Entries taken from a collection:
○ ○ ○

(* Let $X\subset\mathbb{R}^n$, $n\ge2$, be an open convex bounded domain, let $\alpha\in\mathbb{R}$ with $(n-2)\alpha+1\neq0$, let $\sigma>0$ be a (sufficiently smooth) conductivity on $X$ and let $u_1,\dots,u_n$ be (sufficiently smooth) solutions of $\nabla\cdot(\sigma\nabla u_i)=0$ in $X$. Set $S_i=\sigma^\alpha\nabla u_i$. Let $\Omega\subset X$ be open with $$\inf_{x\in\Omega}\det(S_1(x),\dots,S_n(x))\ge c_0>0.$$ Let $H(x)$ be the $n\times n$ matrix with entries $H_{ij}(x)=S_i(x)\cdot S_j(x)$, $H^{ij}$ the $(i,j)$ entry of $H^{-1}$, and $D(x)=\sqrt{\det H(x)}$. Then at every $x\in\Omega$, $F:=\nabla\log\sigma$ satisfies $$F=\frac{c_F}{D}\sum_{i,j=1}^n\big(\nabla(DH^{ij})\cdot S_i\big)S_j=c_F\Big(\nabla\log D+\sum_{i,j=1}^n(\nabla H^{ij}\cdot S_i)S_j\Big),\qquad c_F:=((n-2)\alpha+1)^{-1}.$$ *)

theory Defs
  imports "HOL-Analysis.Analysis"
begin

definition partial :: "(real^'n \<Rightarrow> real) \<Rightarrow> 'n \<Rightarrow> real^'n \<Rightarrow> real" where
  "partial f j x = deriv (\<lambda>t. f (x + t *\<^sub>R axis j 1)) 0"

definition grad :: "(real^'n \<Rightarrow> real) \<Rightarrow> real^'n \<Rightarrow> real^'n" where
  "grad f x = (\<chi> j. partial f j x)"

definition divergence :: "(real^'n \<Rightarrow> real^'n) \<Rightarrow> real^'n \<Rightarrow> real" where
  "divergence V x = (\<Sum>j\<in>UNIV. partial (\<lambda>y. V y $ j) j x)"

fun Ck :: "nat \<Rightarrow> (real^'n \<Rightarrow> real) \<Rightarrow> (real^'n) set \<Rightarrow> bool" where
  "Ck 0 f X = continuous_on X f"
| "Ck (Suc k) f X = ((\<forall>x\<in>X. f differentiable (at x)) \<and> (\<forall>j. Ck k (partial f j) X))"

end

theory Submission
  imports Defs
begin

text \<open>Let \<open>A\<close> be the matrix with columns \<open>S\<^sub>i\<close>, so that \<open>H = A\<^sup>T A\<close> and \<open>D = \<bar>det A\<bar>\<close>, and
  let \<open>G\<^sub>k = \<partial>\<^sub>k A\<close>. Then \<open>\<partial>\<^sub>k H\<^sup>-\<^sup>1 = -H\<^sup>-\<^sup>1 (G\<^sub>k\<^sup>T A + A\<^sup>T G\<^sub>k) H\<^sup>-\<^sup>1\<close> and, by Jacobi's formula,
  \<open>\<partial>\<^sub>k log D = tr (A\<^sup>-\<^sup>1 G\<^sub>k)\<close>, so \<open>\<Sum>\<^sub>i\<^sub>j (\<nabla>H\<^sup>i\<^sup>j \<cdot> S\<^sub>i) S\<^sub>j\<close> is an explicit contraction of the
  \<open>G\<^sub>k\<close> against \<open>A\<^sup>-\<^sup>1\<close>. With \<open>F = \<nabla>log \<sigma>\<close>, the fields \<open>S\<^sub>i = \<sigma>\<^sup>\<alpha> \<nabla>u\<^sub>i\<close> satisfy
  \<open>curl S\<^sub>i = \<alpha> F \<and> S\<^sub>i\<close> (symmetry of the Hessian of \<open>u\<^sub>i\<close>) and \<open>\<nabla>\<cdot>S\<^sub>i = (\<alpha> - 1) F\<cdot>S\<^sub>i\<close>
  (from \<open>\<nabla>\<cdot>(\<sigma>\<nabla>u\<^sub>i) = 0\<close>); these two relations reduce the contraction to
  \<open>((n - 2)\<alpha> + 1) F - \<nabla>log D\<close>. The first formula then follows from the product rule, because
  \<open>\<Sum>\<^sub>i\<^sub>j H\<^sup>i\<^sup>j (v\<cdot>S\<^sub>i) S\<^sub>j = v\<close> for every vector \<open>v\<close>.\<close>

lemma has_real_derivative_along_line:
  fixes f :: "real^'n \<Rightarrow> real"
  assumes "f differentiable (at (z + s *\<^sub>R v))"
  shows "((\<lambda>s. f (z + s *\<^sub>R v)) has_real_derivative frechet_derivative f (at (z + s *\<^sub>R v)) v) (at s)"
proof -
  let ?f' = "frechet_derivative f (at (z + s *\<^sub>R v))"
  have f: "(f has_derivative ?f') (at (z + s *\<^sub>R v))"
    using assms frechet_derivative_works by blast
  have "((\<lambda>s. z + s *\<^sub>R v) has_derivative (\<lambda>h. h *\<^sub>R v)) (at s)"
    by (auto intro!: derivative_eq_intros)
  from has_derivative_compose[OF this f]
  have "((\<lambda>s. f (z + s *\<^sub>R v)) has_derivative (\<lambda>h. ?f' (h *\<^sub>R v))) (at s)"
    by (simp add: o_def)
  moreover have "(\<lambda>h. ?f' (h *\<^sub>R v)) = (\<lambda>h. ?f' v * h)"
    using linear_cmul[OF has_derivative_linear[OF f]] by (auto simp: mult.commute)
  ultimately show ?thesis by (simp add: has_field_derivative_def)
qed

lemma partial_eqI:
  assumes "((\<lambda>t. f (x + t *\<^sub>R axis j 1)) has_real_derivative d) (at 0)"
  shows "partial f j x = d"
  using assms by (simp add: partial_def DERIV_imp_deriv)

lemma partial_eq_frechet_derivative:
  fixes f :: "real^'n \<Rightarrow> real"
  assumes "f differentiable (at x)"
  shows "partial f j x = frechet_derivative f (at x) (axis j 1)"
  using has_real_derivative_along_line[of f x 0 "axis j 1"] assms by (intro partial_eqI) simp

lemma has_real_derivative_partial_at:
  fixes f :: "real^'n \<Rightarrow> real"
  assumes "f differentiable (at (z + s *\<^sub>R axis j 1))"
  shows "((\<lambda>s. f (z + s *\<^sub>R axis j 1)) has_real_derivative partial f j (z + s *\<^sub>R axis j 1)) (at s)"
  using has_real_derivative_along_line[OF assms] partial_eq_frechet_derivative[OF assms] by simp

lemma has_real_derivative_partial:
  fixes f :: "real^'n \<Rightarrow> real"
  assumes "f differentiable (at x)"
  shows "((\<lambda>t. f (x + t *\<^sub>R axis j 1)) has_real_derivative partial f j x) (at 0)"
  using has_real_derivative_partial_at[of f x 0 j] assms by simp

definition has_partials :: "(real^'n \<Rightarrow> real) \<Rightarrow> real^'n \<Rightarrow> real^'n \<Rightarrow> bool" where
  "has_partials f g x \<longleftrightarrow> (\<forall>k. ((\<lambda>s. f (x + s *\<^sub>R axis k 1)) has_real_derivative g $ k) (at 0))"

lemma grad_eqI: "has_partials f g x \<Longrightarrow> grad f x = g"
  by (simp add: has_partials_def grad_def vec_eq_iff partial_eqI)

lemma has_partials_grad:
  fixes f :: "real^'n \<Rightarrow> real"
  shows "f differentiable (at x) \<Longrightarrow> has_partials f (grad f x) x"
  by (simp add: has_partials_def grad_def has_real_derivative_partial)

lemma has_partials_mult:
  assumes "has_partials f df x" "has_partials g dg x"
  shows "has_partials (\<lambda>y. f y * g y) (g x *\<^sub>R df + f x *\<^sub>R dg) x"
  using assms unfolding has_partials_def
  by (auto intro!: DERIV_cong[OF DERIV_mult] simp: algebra_simps)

○ ○ ○

#### [Problem]
Copy every line of the data that carries the word "bool".

#### [Your response]
fun Ck :: "nat \<Rightarrow> (real^'n \<Rightarrow> real) \<Rightarrow> (real^'n) set \<Rightarrow> bool" where
definition has_partials :: "(real^'n \<Rightarrow> real) \<Rightarrow> real^'n \<Rightarrow> real^'n \<Rightarrow> bool" where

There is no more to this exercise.